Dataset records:
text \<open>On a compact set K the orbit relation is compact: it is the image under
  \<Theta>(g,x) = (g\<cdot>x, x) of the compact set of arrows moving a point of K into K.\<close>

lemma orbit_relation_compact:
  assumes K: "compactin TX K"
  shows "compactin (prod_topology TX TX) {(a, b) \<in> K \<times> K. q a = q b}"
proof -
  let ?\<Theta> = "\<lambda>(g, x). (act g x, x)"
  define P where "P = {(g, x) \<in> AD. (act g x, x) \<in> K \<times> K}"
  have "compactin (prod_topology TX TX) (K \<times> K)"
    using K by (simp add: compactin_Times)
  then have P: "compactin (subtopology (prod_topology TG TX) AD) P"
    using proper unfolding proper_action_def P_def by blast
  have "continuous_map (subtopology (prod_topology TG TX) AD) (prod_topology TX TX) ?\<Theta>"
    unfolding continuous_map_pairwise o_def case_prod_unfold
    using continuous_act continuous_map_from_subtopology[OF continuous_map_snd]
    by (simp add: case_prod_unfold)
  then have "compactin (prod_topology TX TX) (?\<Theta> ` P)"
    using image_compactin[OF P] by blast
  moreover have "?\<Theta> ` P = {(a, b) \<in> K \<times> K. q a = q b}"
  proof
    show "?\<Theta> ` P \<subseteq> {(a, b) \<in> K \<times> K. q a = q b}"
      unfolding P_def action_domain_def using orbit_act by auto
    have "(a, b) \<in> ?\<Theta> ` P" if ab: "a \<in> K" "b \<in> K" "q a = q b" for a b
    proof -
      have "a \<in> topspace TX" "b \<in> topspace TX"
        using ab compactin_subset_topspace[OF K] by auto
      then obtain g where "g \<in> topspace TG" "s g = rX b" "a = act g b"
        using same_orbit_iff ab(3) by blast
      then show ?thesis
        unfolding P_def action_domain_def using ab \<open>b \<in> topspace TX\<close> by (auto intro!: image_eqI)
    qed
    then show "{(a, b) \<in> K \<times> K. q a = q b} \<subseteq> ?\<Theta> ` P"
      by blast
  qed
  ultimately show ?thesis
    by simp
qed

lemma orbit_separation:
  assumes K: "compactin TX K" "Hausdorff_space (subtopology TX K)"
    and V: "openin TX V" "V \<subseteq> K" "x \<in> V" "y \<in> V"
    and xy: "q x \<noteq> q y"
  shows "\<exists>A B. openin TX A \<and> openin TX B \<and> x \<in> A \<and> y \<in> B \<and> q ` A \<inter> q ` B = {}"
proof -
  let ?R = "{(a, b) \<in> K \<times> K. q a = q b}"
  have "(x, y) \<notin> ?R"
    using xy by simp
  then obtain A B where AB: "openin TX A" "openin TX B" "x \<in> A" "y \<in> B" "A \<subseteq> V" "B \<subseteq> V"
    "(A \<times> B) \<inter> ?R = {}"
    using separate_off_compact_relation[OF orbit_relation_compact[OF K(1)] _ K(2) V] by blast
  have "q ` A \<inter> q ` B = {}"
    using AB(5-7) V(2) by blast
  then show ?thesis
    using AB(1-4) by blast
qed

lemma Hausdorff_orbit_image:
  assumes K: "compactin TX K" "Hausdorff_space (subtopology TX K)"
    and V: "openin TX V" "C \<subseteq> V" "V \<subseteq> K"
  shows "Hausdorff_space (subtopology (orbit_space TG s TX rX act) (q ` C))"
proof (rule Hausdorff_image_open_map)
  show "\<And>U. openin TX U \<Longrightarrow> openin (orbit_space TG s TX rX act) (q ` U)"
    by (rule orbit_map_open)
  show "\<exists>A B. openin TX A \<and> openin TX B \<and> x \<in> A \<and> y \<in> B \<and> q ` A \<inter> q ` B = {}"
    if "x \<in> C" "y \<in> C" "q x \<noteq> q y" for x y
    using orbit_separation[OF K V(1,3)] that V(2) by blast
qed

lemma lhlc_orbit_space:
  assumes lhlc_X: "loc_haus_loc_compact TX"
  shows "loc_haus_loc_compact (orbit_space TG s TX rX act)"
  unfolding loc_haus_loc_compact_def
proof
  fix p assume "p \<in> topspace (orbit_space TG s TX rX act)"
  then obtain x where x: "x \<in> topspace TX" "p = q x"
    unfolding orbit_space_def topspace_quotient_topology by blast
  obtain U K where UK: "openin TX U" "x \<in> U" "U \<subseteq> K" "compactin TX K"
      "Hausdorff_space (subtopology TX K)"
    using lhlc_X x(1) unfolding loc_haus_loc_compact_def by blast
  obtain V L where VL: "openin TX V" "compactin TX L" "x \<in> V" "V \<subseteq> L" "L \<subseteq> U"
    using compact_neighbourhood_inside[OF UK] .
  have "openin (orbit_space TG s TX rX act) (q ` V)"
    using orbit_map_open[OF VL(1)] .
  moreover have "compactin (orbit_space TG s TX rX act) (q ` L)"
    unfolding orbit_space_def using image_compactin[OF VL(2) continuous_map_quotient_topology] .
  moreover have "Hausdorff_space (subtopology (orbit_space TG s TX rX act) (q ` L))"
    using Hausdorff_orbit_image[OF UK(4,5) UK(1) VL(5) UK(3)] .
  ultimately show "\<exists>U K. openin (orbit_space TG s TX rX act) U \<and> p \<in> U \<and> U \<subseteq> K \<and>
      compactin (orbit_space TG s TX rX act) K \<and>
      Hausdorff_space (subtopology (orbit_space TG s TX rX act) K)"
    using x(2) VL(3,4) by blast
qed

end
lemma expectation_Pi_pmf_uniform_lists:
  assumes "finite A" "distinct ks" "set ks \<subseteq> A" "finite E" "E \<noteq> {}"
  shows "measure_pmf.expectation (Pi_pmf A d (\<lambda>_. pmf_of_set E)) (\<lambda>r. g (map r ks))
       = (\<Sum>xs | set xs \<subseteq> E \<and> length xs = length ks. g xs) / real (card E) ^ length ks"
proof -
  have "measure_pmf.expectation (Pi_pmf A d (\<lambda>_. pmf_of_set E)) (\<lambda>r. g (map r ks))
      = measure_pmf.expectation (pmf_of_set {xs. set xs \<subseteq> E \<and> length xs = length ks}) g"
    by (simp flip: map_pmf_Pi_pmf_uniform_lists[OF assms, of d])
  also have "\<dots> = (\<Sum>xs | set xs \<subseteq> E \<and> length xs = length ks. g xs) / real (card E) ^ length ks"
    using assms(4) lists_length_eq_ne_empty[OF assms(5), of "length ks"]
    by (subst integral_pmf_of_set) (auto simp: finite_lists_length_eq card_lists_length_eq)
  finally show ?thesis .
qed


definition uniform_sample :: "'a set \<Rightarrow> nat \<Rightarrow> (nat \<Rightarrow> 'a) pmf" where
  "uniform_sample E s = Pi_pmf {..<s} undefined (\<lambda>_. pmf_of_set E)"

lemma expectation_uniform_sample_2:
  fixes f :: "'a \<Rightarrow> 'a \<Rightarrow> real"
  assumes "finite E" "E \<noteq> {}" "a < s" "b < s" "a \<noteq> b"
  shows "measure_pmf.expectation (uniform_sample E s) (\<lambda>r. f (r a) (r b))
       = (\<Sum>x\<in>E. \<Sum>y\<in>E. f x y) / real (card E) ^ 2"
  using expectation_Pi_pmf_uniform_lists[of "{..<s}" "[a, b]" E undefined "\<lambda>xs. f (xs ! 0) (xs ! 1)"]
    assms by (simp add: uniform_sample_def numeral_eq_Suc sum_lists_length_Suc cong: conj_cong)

## Prompt
Search the entries above for "lemma". Show every line that has it.

## Solved problem
lemma orbit_relation_compact:
lemma orbit_separation:
lemma Hausdorff_orbit_image:
lemma lhlc_orbit_space:
lemma expectation_Pi_pmf_uniform_lists:
lemma expectation_uniform_sample_2:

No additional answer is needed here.